text \<open>Since a transition sees the coins only through these comparisons, histories are
  measurable into a discrete space.\<close>
lemma step_coin_outcomes:
  "step E B g A byz c = step E B g A byz (\<lambda>u. if c u < cand_prob E g u then 0 else 1)"
proof -
  have "0 < cand_prob E g u" and "\<not> 1 < cand_prob E g u" for u
    using cand_prob_pos cand_prob_le_1 by (simp_all add: not_less)
  then show ?thesis
    unfolding step_def by (auto simp: fun_eq_iff)
qed

lemma coin_measurable:
  assumes "k \<in> J"
  shows "(\<lambda>\<omega>. \<omega> k) \<in> borel_measurable (PiM J (\<lambda>_. coin_distr))"
proof -
  have "(\<lambda>\<omega>. \<omega> k) \<in> measurable (PiM J (\<lambda>_. coin_distr)) coin_distr"
    using assms by (rule measurable_component_singleton)
  then show ?thesis
    by (simp add: measurable_def)
qed

lemma coin_outcomes_measurable:
  assumes "UNIV \<times> {i} \<subseteq> J"
  shows "(\<lambda>\<omega> (u::'a::finite). \<omega> (u, i) < (p u :: real))
    \<in> measurable (PiM J (\<lambda>_. coin_distr)) (count_space UNIV)"
proof -
  have "(\<lambda>\<omega>. \<omega> (u, i)) \<in> borel_measurable (PiM J (\<lambda>_. coin_distr))" for u
    using assms by (intro coin_measurable) auto
  then have "Measurable.pred (PiM J (\<lambda>_. coin_distr)) (\<lambda>\<omega>. \<forall>u. (\<omega> (u, i) < p u) = a u)"
    for a :: "'a \<Rightarrow> bool"
    by measurable
  then show ?thesis
    by (intro measurable_count_space_eq2_countable[THEN iffD2] conjI ballI)
      (auto simp: pred_def fun_eq_iff vimage_def Int_def conj_commute)
qed

lemma hist_measurable:
  fixes \<gamma> :: "'a::finite cfg"
  assumes "UNIV \<times> {..<i} \<subseteq> J"
  shows "(\<lambda>\<omega>. hist E B \<gamma> \<sigma> \<omega> i) \<in> measurable (PiM J (\<lambda>_. coin_distr)) (count_space UNIV)"
  using assms
proof (induction i)
  case (Suc i)
  let ?next = "\<lambda>h r. h @ [step E B (last h) (fst (\<sigma> h)) (snd (\<sigma> h)) (\<lambda>u. if r u then 0 else 1)]"
  let ?outcomes = "\<lambda>h \<omega> u. \<omega> (u, i) < cand_prob E (last h) u"
  have "(\<lambda>\<omega>. ?next (hist E B \<gamma> \<sigma> \<omega> i) (?outcomes (hist E B \<gamma> \<sigma> \<omega> i) \<omega>))
      \<in> measurable (PiM J (\<lambda>_. coin_distr)) (count_space UNIV)"
  proof (rule measurable_compose_countable'[where I = UNIV
        and f = "\<lambda>h \<omega>. ?next h (?outcomes h \<omega>)" and g = "\<lambda>\<omega>. hist E B \<gamma> \<sigma> \<omega> i"])
    show "(\<lambda>\<omega>. ?next h (?outcomes h \<omega>)) \<in> measurable (PiM J (\<lambda>_. coin_distr)) (count_space UNIV)"
      if "h \<in> UNIV" for h
    proof (rule measurable_compose[where f = "?outcomes h" and g = "?next h"])
      show "?outcomes h \<in> measurable (PiM J (\<lambda>_. coin_distr)) (count_space UNIV)"
        using Suc.prems by (intro coin_outcomes_measurable) auto
    qed (rule measurable_count_space)
    show "(\<lambda>\<omega>. hist E B \<gamma> \<sigma> \<omega> i) \<in> measurable (PiM J (\<lambda>_. coin_distr)) (count_space UNIV)"
      by (rule Suc.IH) (use Suc.prems in auto)
  qed simp
  moreover have "hist E B \<gamma> \<sigma> \<omega> (Suc i) =
      ?next (hist E B \<gamma> \<sigma> \<omega> i) (?outcomes (hist E B \<gamma> \<sigma> \<omega> i) \<omega>)" for \<omega>
    by (simp add: step_coin_outcomes[symmetric])
  ultimately show ?case
    by (simp only:)
qed simp

lemma hist_measurable_coin_space[measurable]:
  "(\<lambda>\<omega>. hist E B (\<gamma> :: 'a::finite cfg) \<sigma> \<omega> i) \<in> measurable coin_space (count_space UNIV)"
  unfolding coin_space_eq by (rule hist_measurable) simp

lemma pred_hist:
  "Measurable.pred coin_space (\<lambda>\<omega>. P (hist E B (\<gamma> :: 'a::finite cfg) \<sigma> \<omega> i))"
  by (rule measurable_compose[OF hist_measurable_coin_space]) simp

lemma pred_act_seq[measurable]:
  "Measurable.pred coin_space (\<lambda>\<omega>. u \<in> act_seq E B (\<gamma> :: 'a::finite cfg) \<sigma> \<omega> i)"
  unfolding act_seq_def by (rule pred_hist)

lemma pred_activable_cfg_seq[measurable]:
  "Measurable.pred coin_space (\<lambda>\<omega>. activable E B (cfg_seq E B (\<gamma> :: 'a::finite cfg) \<sigma> \<omega> i) u)"
  unfolding cfg_seq_def by (rule pred_hist)

lemma pred_Iset_cfg_seq[measurable]:
  "Measurable.pred coin_space (\<lambda>\<omega>. X \<subset> Iset E B (cfg_seq E B (\<gamma> :: 'a::finite cfg) \<sigma> \<omega> i))"
  unfolding cfg_seq_def by (rule pred_hist)

section \<open>Conditioning on the past\<close>

lemma (in prob_space) indep_var_prob_section_bound:
  fixes q :: real
  assumes indep: "indep_var M1 X M2 Y" and Z: "Z \<in> sets (M1 \<Otimes>\<^sub>M M2)" and A: "A \<in> sets M1"
    and "0 \<le> q" and slice: "\<And>x. x \<in> A \<Longrightarrow> q \<le> prob {\<omega> \<in> space M. (x, Y \<omega>) \<in> Z}"
  shows "q * prob {\<omega> \<in> space M. X \<omega> \<in> A} \<le> prob {\<omega> \<in> space M. X \<omega> \<in> A \<and> (X \<omega>, Y \<omega>) \<in> Z}"
proof -
  have X: "random_variable M1 X" and Y: "random_variable M2 Y"
    and joint: "distr M M1 X \<Otimes>\<^sub>M distr M M2 Y = distr M (M1 \<Otimes>\<^sub>M M2) (\<lambda>\<omega>. (X \<omega>, Y \<omega>))"
    using indep unfolding indep_var_distribution_eq by auto
  interpret DY: prob_space "distr M M2 Y"
    by (rule prob_space_distr[OF Y])
  let ?ZA = "Z \<inter> A \<times> space M2"
  have ZA: "?ZA \<in> sets (M1 \<Otimes>\<^sub>M M2)"
    using Z A by auto
  have "ennreal q * emeasure M {\<omega> \<in> space M. X \<omega> \<in> A}
      = ennreal q * emeasure (distr M M1 X) A"
    by (simp add: emeasure_distr[OF X A] vimage_def Int_def conj_commute)
  also have "\<dots> = (\<integral>\<^sup>+x. ennreal q * indicator A x \<partial>distr M M1 X)"
    using A by (simp add: nn_integral_cmult_indicator)
  also have "\<dots> \<le> (\<integral>\<^sup>+x. emeasure (distr M M2 Y) (Pair x -` ?ZA) \<partial>distr M M1 X)"
  proof (rule nn_integral_mono)
    fix x
    show "ennreal q * indicator A x \<le> emeasure (distr M M2 Y) (Pair x -` ?ZA)"
    proof (cases "x \<in> A")
      case True
      have "Pair x -` Z \<in> sets M2"
        using Z by measurable
      then have "emeasure (distr M M2 Y) (Pair x -` ?ZA) = emeasure M {\<omega> \<in> space M. (x, Y \<omega>) \<in> Z}"
        using True measurable_space[OF Y]
        by (subst emeasure_distr[OF Y]) (auto intro!: arg_cong2[where f = emeasure])
      then show ?thesis
        using True slice[OF True] \<open>0 \<le> q\<close> by (simp add: emeasure_eq_measure)
    qed simp
  qed
  also have "\<dots> = emeasure (distr M M1 X \<Otimes>\<^sub>M distr M M2 Y) ?ZA"
    using ZA by (intro DY.emeasure_pair_measure_alt[symmetric]) simp
  also have "\<dots> = emeasure M {\<omega> \<in> space M. X \<omega> \<in> A \<and> (X \<omega>, Y \<omega>) \<in> Z}"
    unfolding joint using measurable_space[OF Y]
    by (subst emeasure_distr[OF measurable_Pair[OF X Y] ZA]) (auto intro!: arg_cong2[where f = emeasure])
  finally show ?thesis
    using \<open>0 \<le> q\<close> by (simp add: emeasure_eq_measure ennreal_mult[symmetric] ennreal_le_iff)
qed

lemma indep_vars_coins: "prob_space.indep_vars coin_space (\<lambda>_. coin_distr) (\<lambda>k \<omega>. \<omega> k) UNIV"
proof -
  interpret prob_space coin_space
    by (rule prob_space_coin_space)
  have coin: "(\<lambda>\<omega>. \<omega> k) \<in> measurable coin_space coin_distr" for k
    unfolding coin_space_eq by (intro measurable_component_singleton) auto
  have "distr coin_space (PiM UNIV (\<lambda>_. coin_distr)) (\<lambda>\<omega>. \<lambda>k\<in>UNIV. \<omega> k) = coin_space"
    by (simp add: restrict_UNIV coin_space_eq)
  also have "\<dots> = PiM UNIV (\<lambda>k. distr coin_space coin_distr (\<lambda>\<omega>. \<omega> k))"
    unfolding coin_space_eq
    by (intro PiM_cong refl distr_PiM_component[symmetric] prob_space_coin_distr) auto
  finally show ?thesis
    using coin by (subst indep_vars_iff_distr_eq_PiM) auto
qed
------
Prompt
Set down exactly the lines from the start of the records to the line with "using cand_prob_pos cand_prob_le_1". Include that line, and add nothing more.

Exercise solution
text \<open>Since a transition sees the coins only through these comparisons, histories are
  measurable into a discrete space.\<close>
lemma step_coin_outcomes:
  "step E B g A byz c = step E B g A byz (\<lambda>u. if c u < cand_prob E g u then 0 else 1)"
proof -
  have "0 < cand_prob E g u" and "\<not> 1 < cand_prob E g u" for u
    using cand_prob_pos cand_prob_le_1 by (simp_all add: not_less)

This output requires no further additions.